(Dataset entries)
────

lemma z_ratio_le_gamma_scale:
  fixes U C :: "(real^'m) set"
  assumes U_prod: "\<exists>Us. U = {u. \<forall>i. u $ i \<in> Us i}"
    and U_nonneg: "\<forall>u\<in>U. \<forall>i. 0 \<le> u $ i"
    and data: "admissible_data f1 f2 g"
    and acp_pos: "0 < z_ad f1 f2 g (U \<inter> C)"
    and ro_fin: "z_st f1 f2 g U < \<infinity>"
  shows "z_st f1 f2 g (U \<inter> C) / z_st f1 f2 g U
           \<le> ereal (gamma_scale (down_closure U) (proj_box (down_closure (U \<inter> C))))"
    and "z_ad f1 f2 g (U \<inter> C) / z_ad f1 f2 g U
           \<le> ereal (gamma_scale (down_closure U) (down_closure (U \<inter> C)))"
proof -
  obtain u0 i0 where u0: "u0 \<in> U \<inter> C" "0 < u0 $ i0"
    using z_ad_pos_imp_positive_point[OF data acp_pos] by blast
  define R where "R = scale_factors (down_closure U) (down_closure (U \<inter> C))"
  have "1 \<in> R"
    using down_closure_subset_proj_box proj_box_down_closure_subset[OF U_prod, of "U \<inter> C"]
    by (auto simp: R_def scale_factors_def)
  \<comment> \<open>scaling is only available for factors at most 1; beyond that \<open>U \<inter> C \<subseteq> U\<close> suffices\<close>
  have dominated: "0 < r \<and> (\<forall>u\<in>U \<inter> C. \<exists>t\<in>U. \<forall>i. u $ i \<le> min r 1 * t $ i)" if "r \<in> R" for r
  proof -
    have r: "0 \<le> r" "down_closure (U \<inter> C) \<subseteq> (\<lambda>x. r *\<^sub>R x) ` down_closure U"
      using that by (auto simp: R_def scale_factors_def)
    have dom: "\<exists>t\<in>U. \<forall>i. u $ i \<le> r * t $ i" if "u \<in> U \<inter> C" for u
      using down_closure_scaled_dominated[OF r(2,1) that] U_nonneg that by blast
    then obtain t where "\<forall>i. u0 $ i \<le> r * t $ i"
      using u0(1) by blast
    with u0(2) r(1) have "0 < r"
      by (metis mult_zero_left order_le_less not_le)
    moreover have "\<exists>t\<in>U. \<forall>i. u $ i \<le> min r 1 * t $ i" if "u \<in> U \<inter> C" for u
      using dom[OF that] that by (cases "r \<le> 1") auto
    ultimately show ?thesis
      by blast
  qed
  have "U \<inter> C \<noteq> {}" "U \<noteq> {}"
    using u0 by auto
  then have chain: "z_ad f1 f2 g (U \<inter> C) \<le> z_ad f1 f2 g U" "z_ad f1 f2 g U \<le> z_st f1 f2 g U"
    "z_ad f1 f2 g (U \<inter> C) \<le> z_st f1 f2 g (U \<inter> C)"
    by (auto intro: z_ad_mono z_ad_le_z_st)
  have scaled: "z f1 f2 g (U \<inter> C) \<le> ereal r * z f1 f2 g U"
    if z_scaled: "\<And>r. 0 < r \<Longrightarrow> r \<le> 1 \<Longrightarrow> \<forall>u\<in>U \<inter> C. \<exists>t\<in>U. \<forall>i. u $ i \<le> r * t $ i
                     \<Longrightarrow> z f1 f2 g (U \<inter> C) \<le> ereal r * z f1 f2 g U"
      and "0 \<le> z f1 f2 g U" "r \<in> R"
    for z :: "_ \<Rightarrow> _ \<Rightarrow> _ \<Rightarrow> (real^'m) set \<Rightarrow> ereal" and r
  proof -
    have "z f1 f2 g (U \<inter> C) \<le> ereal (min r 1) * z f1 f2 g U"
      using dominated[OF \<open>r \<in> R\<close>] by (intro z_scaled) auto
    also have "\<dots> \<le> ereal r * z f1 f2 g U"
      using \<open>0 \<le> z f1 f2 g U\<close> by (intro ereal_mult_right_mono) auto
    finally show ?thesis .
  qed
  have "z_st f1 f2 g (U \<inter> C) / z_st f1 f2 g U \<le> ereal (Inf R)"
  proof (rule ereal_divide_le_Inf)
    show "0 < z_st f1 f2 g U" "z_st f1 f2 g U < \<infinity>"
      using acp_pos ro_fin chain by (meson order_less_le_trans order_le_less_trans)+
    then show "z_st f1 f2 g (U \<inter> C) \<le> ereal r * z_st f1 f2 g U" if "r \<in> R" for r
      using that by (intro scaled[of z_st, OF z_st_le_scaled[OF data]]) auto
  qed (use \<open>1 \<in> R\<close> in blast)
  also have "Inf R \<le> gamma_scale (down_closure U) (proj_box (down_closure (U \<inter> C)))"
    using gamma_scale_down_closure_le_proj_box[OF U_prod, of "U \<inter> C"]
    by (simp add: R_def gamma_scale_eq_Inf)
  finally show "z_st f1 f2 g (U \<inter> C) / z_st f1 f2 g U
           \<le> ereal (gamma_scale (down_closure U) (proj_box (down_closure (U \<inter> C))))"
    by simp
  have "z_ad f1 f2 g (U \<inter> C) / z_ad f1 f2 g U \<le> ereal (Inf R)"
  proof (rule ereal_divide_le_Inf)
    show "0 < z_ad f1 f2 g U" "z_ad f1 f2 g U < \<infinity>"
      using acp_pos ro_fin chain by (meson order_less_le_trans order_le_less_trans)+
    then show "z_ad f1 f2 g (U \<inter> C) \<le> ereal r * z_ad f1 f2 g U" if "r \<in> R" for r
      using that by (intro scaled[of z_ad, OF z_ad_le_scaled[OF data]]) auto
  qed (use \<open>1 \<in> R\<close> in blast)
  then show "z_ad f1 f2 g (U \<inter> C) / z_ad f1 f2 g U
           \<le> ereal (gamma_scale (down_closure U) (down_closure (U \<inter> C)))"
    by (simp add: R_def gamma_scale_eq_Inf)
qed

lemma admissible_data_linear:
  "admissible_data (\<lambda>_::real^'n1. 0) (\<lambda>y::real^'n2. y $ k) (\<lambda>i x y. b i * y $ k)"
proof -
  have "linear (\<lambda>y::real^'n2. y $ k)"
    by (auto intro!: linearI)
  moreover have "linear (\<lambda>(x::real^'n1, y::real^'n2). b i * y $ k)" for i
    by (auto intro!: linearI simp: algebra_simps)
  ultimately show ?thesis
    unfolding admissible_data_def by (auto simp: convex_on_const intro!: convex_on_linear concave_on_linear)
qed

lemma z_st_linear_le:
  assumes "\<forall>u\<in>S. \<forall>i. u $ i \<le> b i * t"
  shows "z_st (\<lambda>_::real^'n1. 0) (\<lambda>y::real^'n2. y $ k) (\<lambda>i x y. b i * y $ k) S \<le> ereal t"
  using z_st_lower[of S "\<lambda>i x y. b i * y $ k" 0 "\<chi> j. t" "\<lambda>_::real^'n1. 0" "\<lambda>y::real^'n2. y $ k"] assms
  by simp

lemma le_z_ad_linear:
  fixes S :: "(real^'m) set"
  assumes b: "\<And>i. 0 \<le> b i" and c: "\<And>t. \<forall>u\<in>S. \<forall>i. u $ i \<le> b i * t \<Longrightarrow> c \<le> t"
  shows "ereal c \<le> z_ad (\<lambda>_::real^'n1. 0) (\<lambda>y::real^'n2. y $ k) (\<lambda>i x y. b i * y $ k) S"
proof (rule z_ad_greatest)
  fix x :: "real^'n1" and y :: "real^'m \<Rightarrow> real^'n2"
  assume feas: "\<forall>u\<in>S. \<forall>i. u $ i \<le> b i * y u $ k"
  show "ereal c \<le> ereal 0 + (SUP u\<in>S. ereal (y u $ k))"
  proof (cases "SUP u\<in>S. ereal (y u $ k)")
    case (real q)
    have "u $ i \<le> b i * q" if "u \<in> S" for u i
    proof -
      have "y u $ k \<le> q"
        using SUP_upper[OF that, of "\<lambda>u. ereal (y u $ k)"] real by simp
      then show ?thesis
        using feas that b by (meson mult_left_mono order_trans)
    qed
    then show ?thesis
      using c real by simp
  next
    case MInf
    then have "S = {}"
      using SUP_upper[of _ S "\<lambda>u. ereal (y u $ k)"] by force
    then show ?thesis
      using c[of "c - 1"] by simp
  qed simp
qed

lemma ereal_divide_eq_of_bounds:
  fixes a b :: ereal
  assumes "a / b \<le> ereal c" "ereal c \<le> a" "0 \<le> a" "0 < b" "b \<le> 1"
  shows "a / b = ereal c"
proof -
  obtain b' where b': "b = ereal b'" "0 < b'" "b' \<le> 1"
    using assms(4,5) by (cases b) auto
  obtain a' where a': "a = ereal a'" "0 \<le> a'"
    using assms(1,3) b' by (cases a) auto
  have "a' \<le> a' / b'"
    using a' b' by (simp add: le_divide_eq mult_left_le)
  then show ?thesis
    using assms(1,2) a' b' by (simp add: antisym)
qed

────

• _Exercise objective_
Write out each line above that contains the word "finally".

• _Reply to the exercise_
    finally show ?thesis .
  finally show "z_st f1 f2 g (U \<inter> C) / z_st f1 f2 g U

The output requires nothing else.